Japanese shrimp
By VicentaLakin
Classic leisure snack
Recipe Recommendations
- prawns of 4
- cabbage 80g
- eggs 1
- onion 50g
- pickles 50g
- mayonnaise 2 tablespoons
- lemon juice 1 tablespoon
- salt appropriate amount
- flour appropriate amount
- bread crumbs appropriate amount
- oil appropriate amount
- sweet and sour
- fried
- half an hour
- ordinary
Steps for Japanese shrimp

1
Shrimp head to the bottom of the body, draw a knife in the belly, then cast a little salt and salt on the shrimp
2
The cabbage is cut thin and put in ice water to hold it
3
Soy sauce: onions, sour cucumber cut and mixed with 2 spoons of mercuric and 1 spoon of lemon juice
4
Shrimp in five: flour - egg fluid - flour - egg fluid - bread
5
Blows shrimp to gold and yellow at 160 degrees oil temperature (about 2 minutes)
6
I'll just have the ice-cooked cabbage, the sauce, the shrimp sauceJapanese shrimp Make Tips
1. Before coating with flour, use a napkin to absorb the moisture from the shrimp.

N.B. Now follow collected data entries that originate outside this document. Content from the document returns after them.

(* (1) Let $(Y_0,Y_1)$ be an arbitrary pair of real random variables and let $Y$ and $D\in\{0,1\}$ satisfy $Y=Y_1D+Y_0(1-D)$ and almost surely $Y_1>Y_0\Rightarrow D=1$, $Y_1<Y_0\Rightarrow D=0$. Then the distribution functions $F_0,F_1$ of $Y_0,Y_1$ satisfy $$F_d(y_2)-F_d(y_1)\ge \mathbb P(y_1<Y\le y_2,D=d)+\mathbb P(Y\le y_2,D=1-d)\,1\{y_1=-\infty\}\qquad(\ast)$$ for $d=0,1$ and all $y_1,y_2\in\mathbb R\cup\{\pm\infty\}$ with $y_1<y_2$. (2) Conversely, let $Y$ be an arbitrary real random variable and $D$ a binary random variable, and let $F_0,F_1$ be right-continuous functions satisfying $(\ast)$ for $d=0,1$ and all $y_1<y_2$ in $\mathbb R\cup\{\pm\infty\}$. Then there exist, on some probability space, random variables $(\tilde Y,\tilde D,Y_0,Y_1)$ with $(\tilde Y,\tilde D)$ distributed as $(Y,D)$, $Y_0$ and $Y_1$ having distribution functions $F_0$ and $F_1$ respectively, $\tilde Y=Y_1\tilde D+Y_0(1-\tilde D)$, and almost surely $Y_1>Y_0\Rightarrow\tilde D=1$, $Y_1<Y_0\Rightarrow\tilde D=0$.
   Context: For a function $F$ on $\mathbb R$, $F(\pm\infty)$ denotes the limits at $\pm\infty$; for $y_1=-\infty$ the event $\{y_1<Y\le y_2\}$ is $\{Y\le y_2\}$, and for $y_2=+\infty$ the event $\{Y\le y_2\}$ is the whole space. *)

theory Defs
  imports "HOL-Probability.Probability"
begin

definition Fext :: "(real \<Rightarrow> real) \<Rightarrow> ereal \<Rightarrow> real" where
  "Fext F y = (case y of ereal r \<Rightarrow> F r | PInfty \<Rightarrow> Lim at_top F | MInfty \<Rightarrow> Lim at_bot F)"

text \<open>The inequality system (*) for d = 0,1 and all extended reals y1 < y2.
The event y1 < Y \<le> y2 is read with ereal comparisons, which gives exactly the
conventions for y1 = -oo and y2 = +oo.\<close>
definition star_ineq ::
  "'a measure \<Rightarrow> ('a \<Rightarrow> real) \<Rightarrow> ('a \<Rightarrow> real) \<Rightarrow> (real \<Rightarrow> real) \<Rightarrow> (real \<Rightarrow> real) \<Rightarrow> bool" where
  "star_ineq M Y D F0 F1 \<longleftrightarrow>
     (\<forall>d\<in>{0::real, 1}. \<forall>y1 y2 :: ereal. y1 < y2 \<longrightarrow>
        Fext (if d = 0 then F0 else F1) y2 - Fext (if d = 0 then F0 else F1) y1 \<ge>
          measure M {\<omega> \<in> space M. y1 < ereal (Y \<omega>) \<and> ereal (Y \<omega>) \<le> y2 \<and> D \<omega> = d}
          + measure M {\<omega> \<in> space M. ereal (Y \<omega>) \<le> y2 \<and> D \<omega> = 1 - d}
              * (if y1 = -\<infinity> then 1 else 0))"

end

theory Submission
  imports Defs
begin

text \<open>Necessity: on D = d the outcome Y equals Y_d, and for y1 = -oo the selection rule gives
  Y_d \<le> Y almost surely on D = 1 - d, so both events on the right of (*) lie in
  y1 < Y_d \<le> y2.

  Sufficiency is a quantile coupling driven by one uniform variable U on (0,1). The pair (Y, D)
  is reproduced by the quantile transform of the real variable arctan Y + 4 D, and D = 0
  corresponds to U \<le> P(D = 0). On that part Y0 := Y, while Y1 is the quantile at U of
  F1 - P(Y \<le> _, D = 1), which (*) shows to be nondecreasing and to dominate P(Y \<le> _, D = 0);
  hence Y1 \<le> Y0 there. The part D = 1 is symmetric. Each Y_d then has distribution function
  P(Y \<le> y, D = d) + (F_d(y) - P(Y \<le> y, D = d)) = F_d(y).\<close>

lemma finite_borel_measure_distr:
  assumes "finite_measure M" "X \<in> borel_measurable M"
  shows "finite_borel_measure (distr M borel X)"
  using assms by (simp add: finite_borel_measure.intro finite_borel_measure_axioms.intro
      finite_measure.finite_measure_distr)

lemma cdf_distr_eq_measure:
  assumes "X \<in> borel_measurable M"
  shows "cdf (distr M borel X) x = measure M {\<omega>\<in>space M. X \<omega> \<le> x}"
  using assms by (simp add: cdf_def measure_distr vimage_def Int_def conj_commute)

lemma Fext_cdf_distr:
  assumes "finite_measure M" "X \<in> borel_measurable M"
  shows "Fext (cdf (distr M borel X)) y = measure M {\<omega>\<in>space M. ereal (X \<omega>) \<le> y}"
proof -
  interpret finite_borel_measure "distr M borel X"
    using assms by (rule finite_borel_measure_distr)
  show ?thesis
  proof (cases y)
    case (real r)
    then show ?thesis using assms by (simp add: Fext_def cdf_distr_eq_measure)
  next
    case PInf
    have "Lim at_top (cdf (distr M borel X)) = measure M (space M)"
      using cdf_lim_at_top assms by (intro tendsto_Lim) (auto simp: measure_distr)
    then show ?thesis using PInf by (simp add: Fext_def)
  next
    case MInf
    have "Lim at_bot (cdf (distr M borel X)) = 0"
      using cdf_lim_at_bot by (intro tendsto_Lim) auto
    then show ?thesis using MInf by (simp add: Fext_def)
  qed
qed

lemma (in finite_measure) measure_ereal_interval:
  assumes [measurable]: "X \<in> borel_measurable M" "Measurable.pred M P" and "y1 \<le> y2"
  shows "measure M {\<omega>\<in>space M. y1 < ereal (X \<omega>) \<and> ereal (X \<omega>) \<le> y2 \<and> P \<omega>}
    = measure M {\<omega>\<in>space M. ereal (X \<omega>) \<le> y2 \<and> P \<omega>} - measure M {\<omega>\<in>space M. ereal (X \<omega>) \<le> y1 \<and> P \<omega>}"
proof -
  have "{\<omega>\<in>space M. y1 < ereal (X \<omega>) \<and> ereal (X \<omega>) \<le> y2 \<and> P \<omega>}
      = {\<omega>\<in>space M. ereal (X \<omega>) \<le> y2 \<and> P \<omega>} - {\<omega>\<in>space M. ereal (X \<omega>) \<le> y1 \<and> P \<omega>}"
    using \<open>y1 \<le> y2\<close> by (auto intro: order.trans)
  moreover have "{\<omega>\<in>space M. ereal (X \<omega>) \<le> y1 \<and> P \<omega>} \<subseteq> {\<omega>\<in>space M. ereal (X \<omega>) \<le> y2 \<and> P \<omega>}"
    using \<open>y1 \<le> y2\<close> by (auto intro: order.trans)
  ultimately show ?thesis by (simp add: finite_measure_Diff)
qed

2. It is best to use a cup for the beaten egg, as this is more convenient during the 3-step breading process.
3. After coating the shrimp with flour, gently shake off the excess flour before dipping them into the egg mixture.
4. After the shrimp are fully coated with breadcrumbs, press them down gently with your hands.